Мэри опустила руку в воду, выудила деревянный обломок и показала сестре, а потом бросила обратно, как на увеселительной прогулке, а не на краю гибели. Потом она снова подставила руку волнам и надолго закрыла глаза.
— Убрать парус, — приказал Смит, снова забирая командование на себя. — Земля по носу.
— Я тоже заметил. Как вы сказали, так и есть, мистер Смит. Позвольте, я сам возьмусь за весла.
Смит не возражал, так что я занял его место.
Чуть не забыл — мистер Смит понятия не имел о числовых кодах. Я его спрашивал. Однако во время нашего совместного плавания мне пришла в голову одна ценная мысль, каковой я с тобой поделюсь после глотка-другого рома.
ГЛАВА СЕДЬМАЯ. ВЫКУП И ГЕНРИ СМИТ
Теперь, когда я промочил горло, но не успел еще огласить своего вывода касательно шифров, взглянем еще раз на заставку с вензелями — я перерисовал ее еще раз.

Как, однако, хитры могут быть эти два бесенка, если вынудить их показать, что спрятано внутри снопа! Вообрази, что мы — это они, держим в руках по концу бечевки. Чем сильнее я тяну со своей стороны, тем больше усилий прикладываешь ты. Ты дергаешь — я дергаю, ты отпускаешь — и я отпускаю, но независимо от наших действий сокровище остается на месте.
Так и в жизни. Сколько бы я ни гонялся за кладом, сколько бы ни бороздил морей, я лишь перебирал бечевку — узел за узлом, — пока не поверил, что ей не будет конца.
Однажды вечером, едва Эдвард ушел отбывать вахту, я взял его Библию из тайника в каюте. Из Библии выпал клочок бумаги, на котором было написано «Евангелина». Чернила еще не высохли и запачкали одну из страниц книги.
Я едва успел положить листок обратно, как вдруг сквозь окно упал луч света и бросил тень на первую страницу Библии, где тотчас проступил еле заметный рисунок.

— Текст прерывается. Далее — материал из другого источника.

(* Let $\mathcal{G}$ be a Garside groupoid and $x$ an object of $\mathcal{G}$. Let $C_1,C_2,C_3$ be pairwise intersecting cells in $\mathcal{G}_{x\to}$. Then there is a cell $C\subseteq\mathcal{G}_{x\to}$ containing $(C_1\cap C_2)\cup(C_2\cap C_3)\cup(C_3\cap C_1)$.
   Context: Arrows compose like paths. A Garside category is a small category $\mathcal{C}$ with an automorphism $\phi$ and a natural transformation $\Delta$ from the identity functor to $\phi$ (components $\Delta_y\colon y\to\phi(y)$) such that $\mathcal{C}$ is cancellative and homogeneous (admits an additive length function vanishing exactly on identities), every atom (non-identity morphism not a product of two non-identity ones) is simple ($f\colon y\to z$ is simple if $ff^*=\Delta_y$ for some $f^*\colon z\to\phi(y)$), and for each object the morphisms with that source (resp. target) form a lattice under $\preccurlyeq$ (resp. $\succcurlyeq$). The Garside groupoid $\mathcal{G}$ is the enveloping groupoid of $\mathcal{C}$; $\phi,\Delta$ extend to $\mathcal{G}$. For morphisms $f,g$ of $\mathcal{G}$, $f\preccurlyeq g$ means $g=fz$ with $z$ a morphism of $\mathcal{C}$. $\mathcal{G}_{x\to}$ is the set of morphisms of $\mathcal{G}$ with source $x$; it is a lattice under $\preccurlyeq$. A cell in $\mathcal{G}_{x\to}$ is an interval $[f,f\Delta_{t(f)}]=\{g: f\preccurlyeq g\preccurlyeq f\Delta_{t(f)}\}$, where $t(f)$ is the target of $f$. *)

theory Defs
  imports Main
begin

text \<open>A groupoid is given by its object type 'o, its morphism type 'm, source and
target maps, a composition cmp f g (defined when tgt f = src g; written in
path order: first f then g) and identities.  A Garside groupoid is modelled as
a groupoid G together with a subcategory C (a set of morphisms of G) which is a
Garside category (with automorphism phi = (phio, phim) and natural
transformation Delta) and which generates G as a groupoid.\<close>

definition is_groupoid ::
  "('m \<Rightarrow> 'o) \<Rightarrow> ('m \<Rightarrow> 'o) \<Rightarrow> ('m \<Rightarrow> 'm \<Rightarrow> 'm) \<Rightarrow> ('o \<Rightarrow> 'm) \<Rightarrow> bool" where
  "is_groupoid src tgt cmp idt \<longleftrightarrow>
     (\<forall>x. src (idt x) = x \<and> tgt (idt x) = x) \<and>
     (\<forall>f g. tgt f = src g \<longrightarrow> src (cmp f g) = src f \<and> tgt (cmp f g) = tgt g) \<and>
     (\<forall>f g h. tgt f = src g \<longrightarrow> tgt g = src h \<longrightarrow> cmp (cmp f g) h = cmp f (cmp g h)) \<and>
     (\<forall>f. cmp (idt (src f)) f = f \<and> cmp f (idt (tgt f)) = f) \<and>
     (\<forall>f. \<exists>g. src g = tgt f \<and> tgt g = src f \<and> cmp f g = idt (src f) \<and> cmp g f = idt (tgt f))"
(* There is a constant $C$ such that for every $N\ge 2$ there exists an exact quantum query algorithm (in the model described in the context) that, for every non-decreasing $x\in\{0,1\}^N$ with $x_{N-1}=1$, outputs $f(x)=\min\{0\le i<N: x_i=1\}$ with certainty and uses at most $\log_3(N)+C$ queries.
   Context: Quantum query model: the algorithm acts on a Hilbert space with orthonormal basis $\{|z;i\rangle : z,i \text{ non-negative integers}\}$. For an input $x\in\{0,1\}^N$ the oracle is the unitary $O_x|z;i\rangle=(-1)^{x_i}|z;i\rangle$ if $0\le i<N$ and $O_x|z;i\rangle=|z;i\rangle$ if $i\ge N$. A quantum algorithm with $T$ queries is a unitary $(U O_x)^T U$ for a fixed unitary $U$ independent of $x$, applied to $|0\rangle$, followed by a measurement in the computational basis and reading of an output register. It is exact if for every admissible input the output equals the correct answer with probability 1. *)

theory Defs
  imports Complex_Main
begin

text \<open>Basis states |z;i> are indexed by pairs (z,i) of naturals. The algorithm acts on the span of a finite set B of
  basis states (containing |0;0>); outside B the unitary is the identity.\<close>

type_synonym state = "nat \<times> nat \<Rightarrow> complex"

definition ket :: "nat \<times> nat \<Rightarrow> state" where
  "ket a = (\<lambda>b. if b = a then 1 else 0)"
(* Let $t>0$ and $\kappa\in(-1,1)$, and put $\epsilon:=\kappa^2$. The map $\phi_{\kappa,t}$ satisfies $\phi_{\kappa,t}(1)=0$ and $\partial_z\phi_{\kappa,t}(1)\neq 0$, so it is locally invertible near $z=1$, with local inverse $\phi_{\kappa,t}^{-1}(u)=1+\sum_{n\ge1}a_n(\kappa,t)u^n$ near $u=0$. For every $n\geq 1$, $$a_n(\kappa,t)=\frac{2}{2^{2n}n}\sum_{k=1}^{n}\binom{2n}{n-k}e^{-kt}\left\{\sum_{m=0}^{k-1}L_{k-m-1}^{(m+1)}(2kt)\,2^{m}\,P_n^{(m)}(\epsilon)\right\}.$$
   Context: Pochhammer symbol: $(a)_0=1$, $(a)_k=a(a+1)\cdots(a+k-1)$ for $k\geq1$ (so $(0)_k=\delta_{k0}$). Laguerre polynomials: for $n\ge0$ and $a\in\mathbb{R}$, $L_n^{(a)}(x):=\frac{1}{n!}\sum_{j=0}^n\frac{(-n)_j}{j!}(a+j+1)_{n-j}x^j$. Let $\alpha(z):=\frac{1-\sqrt{1-z}}{1+\sqrt{1-z}}$ (principal branch), a bijection of $\mathbb{C}\setminus[1,\infty)$ onto the open unit disc $\mathbb{D}$ with inverse $\alpha^{-1}(z)=\frac{4z}{(1+z)^2}$. For $t>0$ let $\xi_{2t}(z):=\frac{z-1}{z+1}e^{tz}$. Define $\phi_{\kappa,t}(z):=\frac{z^2}{z^2-\kappa^2}\,\alpha^{-1}(\xi_{2t}(z))$ near $z=1$, and (Lagrange inversion coefficients) $a_n(\kappa,t):=\frac{1}{n!}\partial_z^{n-1}\left[\frac{z-1}{\phi_{\kappa,t}(z)}\right]^n\Big|_{z=1}$, $n\ge1$. For integers $n\geq1$, $m\geq0$, define the polynomial $P_n^{(m)}(\epsilon):=\frac{(-1)^m}{m!}\sum_{k=0}^n\binom{n}{k}(-\epsilon)^k(2k)_m$. *)

theory Defs
  imports "HOL-Analysis.Analysis"
begin

definition laguerre :: "nat \<Rightarrow> real \<Rightarrow> real \<Rightarrow> real" where
  "laguerre n a x = (1 / fact n) *
     (\<Sum>j=0..n. pochhammer (- real n) j / fact j * pochhammer (a + real j + 1) (n - j) * x ^ j)"
(* Let $a\in K$ and let $b_1,\dots,b_\ell\notin K$ be distinct ($\ell\ge 1$). Suppose that either $(a,b_i)\in T$ for all $i$, or there are $a_1,\dots,a_\ell\in K$ with $(a_i,b_i)\in T$ and $a_i\circ b_i=a$ for all $i$. Then $\pi\ge\ell(n-2q-m+1)+q-m-1$.
   Context: $G$ is a set of size $n$ and $G(\circ)$, $G(\ast)$ are distinct groups on $G$ with the same identity element. $\mathrm{diff}(\circ,\ast)=\{(a,b):a\circ b\ne a\ast b\}$, $\mathrm{dist}(\circ,\ast)=|\mathrm{diff}(\circ,\ast)|$, $\mathrm{dist}_a=|\{b:a\circ b\ne a\ast b\}|$; $H=\{a:\mathrm{dist}_a=0\}$, $h=|H|$; $K=\{a:\mathrm{dist}_a<n/3\}$, $k=|K|$; $m=\min\{\mathrm{dist}_a:\mathrm{dist}_a>0\}$. Standing assumption: $m\ge 3$. Let $q=\lceil n/3\rceil$ and the profit $\pi=\mathrm{dist}(\circ,\ast)-((k-h)m+(n-k)q)$. Let $T=\{(a,b)\in\mathrm{diff}(\circ,\ast):a\in K,\ a\circ b\in K\}$. *)

theory Defs
  imports Complex_Main "HOL-Algebra.Group"
begin

text \<open>Two group structures G1 (operation circ) and G2 (operation ast) on the same carrier.\<close>

definition diffset :: "('a, 'b) monoid_scheme \<Rightarrow> ('a, 'c) monoid_scheme \<Rightarrow> ('a \<times> 'a) set" where
  "diffset G1 G2 = {(a, b). a \<in> carrier G1 \<and> b \<in> carrier G1 \<and> a \<otimes>\<^bsub>G1\<^esub> b \<noteq> a \<otimes>\<^bsub>G2\<^esub> b}"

Это был первый шифровальный круг.
Я даже остолбенел: надо же было так хитро придумать! Посмотри кто на страницу белым днем или в полночь при свете луны, ничего не заметил бы. Колесо круга было нарисовано веществом, проявляющимся только при тусклом освещении и влажности. Мы как раз только-только отплыли от Малабара. Может, погода сказалась, а может, влага чернил, которыми Эдвард царапал свою записку, — неизвестно; так или иначе, круг проявился. Я немного сдвинул страницу — и на тебе, рисунок опять исчез.